Estonia participated in the Eurovision Song Contest 2002 with the song "Runaway" written by Pearu Paulus, Ilmar Laisaar, Alar Kotkas and Jana Hallas. The song was performed by Sahlene. In addition to participating in the contest, the Estonian broadcaster Eesti Televisioon (ETV) also hosted the Eurovision Song Contest after winning the competition in 2001 with the song "Everybody" performed by Tanel Padar, Dave Benton and 2XL. ETV organised the national final Eurolaul 2002 in order to select the Estonian entry for the 2002 contest in Tallinn. Ten songs competed in the national final and "Runaway" performed by Sahlene was selected as the winner by an international jury panel.

As the host country, Estonia competed in the Eurovision Song Contest which took place on 25 May 2002. Performing during the show in position 8, Estonia placed third out of the 24 participating countries with 111 points.

Background 

Prior to the 2002 Contest, Estonia had participated in the Eurovision Song Contest seven times since its first entry in , winning the contest on one occasion in 2001 with the song "Everybody" performed by Tanel Padar, Dave Benton and 2XL.
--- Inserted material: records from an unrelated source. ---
(* Let $\tau$ be an untwisted skew product with base shift a transitive subshift of finite type and group factor $\mathbb Z^d$. (b) If $0\in\mathrm{rot}(\tau)$, then $\mathrm{rot}(\tau)$ is $d$-dimensional if and only if $\langle D(\tau)\rangle$ is a rank-$d$ subgroup of $\mathbb Z^d$. (c) If $\tau$ has the ftp and $0\in\mathrm{rot}(\tau)$, then $\mathrm{rot}(\tau)$ is $d$-dimensional.
   Context: Subshift of finite type $(\Sigma,\sigma)$: finite state set $S$, $\{0,1\}$-matrix $C$, $\Sigma=\{s\in S^{\mathbb Z}:C_{s_is_{i+1}}=1\ \forall i\}$, $\sigma$ the left shift; transitive means for any states $a,b$ there is an allowed finite word from $a$ to $b$. Untwisted skew product: $\tau(s,n)=(\sigma s,n+h(s))$ on $\Sigma\times\mathbb Z^d$, $h$ depending only on $(s_0,s_1)$. $h(s,n)=\sum_{i=0}^{n-1}h(\sigma^is)$; $\mathrm{rot}(s)=\lim h(s,n)/n$ when it exists; $\mathrm{rot}(\tau)\subset\mathbb R^d$ the set of all rotation vectors (it is a convex polytope, the convex hull of rotation vectors of finitely many periodic points). Dimension means dimension of the convex set. $D(\tau)=\{h(p,n):n>0,\sigma^np=p\}$; $\langle X\rangle$ the generated subgroup. ftp: $\tau_\Gamma$ (induced map on $\Sigma\times\mathbb Z^d/\Gamma$) is transitive for every finite-index subgroup $\Gamma$. *)

theory Defs
  imports "HOL-Analysis.Analysis"
begin

text \<open>States: the finite type 'a. Transition matrix: C :: 'a => 'a => bool.
  Group factor Z^d is int^'n with d = CARD('n).\<close>

definition sft :: "('a \<Rightarrow> 'a \<Rightarrow> bool) \<Rightarrow> (int \<Rightarrow> 'a) set" where
  "sft C = {s. \<forall>i. C (s i) (s (i + 1))}"

definition shift :: "(int \<Rightarrow> 'a) \<Rightarrow> (int \<Rightarrow> 'a)" where
  "shift s = (\<lambda>i. s (i + 1))"

definition allowed_path :: "('a \<Rightarrow> 'a \<Rightarrow> bool) \<Rightarrow> 'a \<Rightarrow> 'a \<Rightarrow> bool" where
  "allowed_path C a b = (\<exists>n::nat. \<exists>w::nat \<Rightarrow> 'a. n > 0 \<and> w 0 = a \<and> w n = b \<and>
      (\<forall>i<n. C (w i) (w (Suc i))))"

definition transitive_sft :: "('a::finite \<Rightarrow> 'a \<Rightarrow> bool) \<Rightarrow> bool" where
  "transitive_sft C = (\<forall>a b. allowed_path C a b)"

text \<open>Cocycle h(s,n) = sum_{i<n} h(sigma^i s), h depending on (s_0,s_1).\<close>
definition hsum :: "('a \<Rightarrow> 'a \<Rightarrow> int^'n) \<Rightarrow> (int \<Rightarrow> 'a) \<Rightarrow> nat \<Rightarrow> int^'n" where
  "hsum h s n = (\<Sum>i<n. h (s (int i)) (s (int i + 1)))"

definition vec_real :: "int^'n \<Rightarrow> real^'n" where
  "vec_real x = (\<chi> j. real_of_int (x $ j))"

definition rot_set :: "('a \<Rightarrow> 'a \<Rightarrow> bool) \<Rightarrow> ('a \<Rightarrow> 'a \<Rightarrow> int^'n) \<Rightarrow> (real^'n) set" where
  "rot_set C h = {v. \<exists>s\<in>sft C.
      ((\<lambda>n. (1 / real n) *\<^sub>R vec_real (hsum h s n)) \<longlongrightarrow> v) sequentially}"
The Estonian national broadcaster, Eesti Televisioon (ETV), broadcasts the event within Estonia and organises the selection process for the nation's entry. Since their debut, the Estonian broadcaster has organised national finals that feature a competition among multiple artists and songs in order to select Estonia's entry for the Eurovision Song Contest. The Eurolaul competition has been organised since 1996 in order to select Estonia's entry and on 6 November 2001, ETV announced the organisation of Eurolaul 2002 in order to select the nation's 2002 entry.

Before Eurovision

Eurolaul 2002 
Eurolaul 2002 was the ninth edition of the Estonian national selection Eurolaul, which selected Estonia's entry for the Eurovision Song Contest 2002. The competition consisted of a ten-song final on 26 January 2002 at the Linnahall in Tallinn, hosted by Marko Reikop and Karmel Eikner and broadcast on ETV.

Competing entries 
On 6 November 2001, ETV opened the submission period for artists and composers to submit their entries up until 3 December 2001. A record 90 submissions were received by the deadline—breaking the previous record of 80, set during the 2001 edition. A 10-member jury panel selected 10 finalists from the submissions and the selected songs were announced on 6 December 2001. Among the competing artists was previous Eurovision Song Contest entrant Ivo Linna, who represented Estonia in 1996 with Maarja-Liis Ilus. Gerli Padar has competed in previous editions of Eurolaul. The selection jury consisted of Meelis Kapstas (journalist), Jaan Elgula (musician), Jaan Karp (musician), Priit Hõbemägi (culture critic), Allan Roosileht (Star FM presenter), Aarne Saluveer (choir conductor), Maido Maadik (Eesti Raadio sound engineer), Hanna-Liina Võsa (singer), Karmel Eikner (journalist) and Priit Pajusaar (composer).

Final 
The final took place on 26 January 2002. Ten songs competed during the show and "Runaway" performed by Sahlene was selected as the winner by an international jury. A non-competitive public televote which registered 34,399 votes was also held and selected "Another Country Song" performed by Nightlight Duo and Cowboys as the winner. The international jury panel consisted of Nicki French (United Kingdom), L-G Alsenius (Sweden), Nuša Derenda (Slovenia), Louis Walsh (Ireland), Bo Halldórsson (Iceland), Manfred Witt (Germany), Marlain (Cyprus) and Moshe Datz (Israel).

At Eurovision
According to Eurovision rules, all nations with the exceptions of the bottom six countries in the 2001 contest competed in the final. As the host country, Estonia automatically qualified to compete in the Eurovision Song Contest 2002 on 25 May 2002. On 9 November 2001, a special allocation draw was held which determined the running order and Estonia was set to perform in position 8, following the entry from Russia and before the entry from Macedonia. Sahlene was joined on stage by five backing vocalists: Charlotte Berg, Jelena Juzvik, Joel Sahlin, Jüri Mazurtšak and Lena Olsson-Björkén, and Estonia finished in third place with 111 points.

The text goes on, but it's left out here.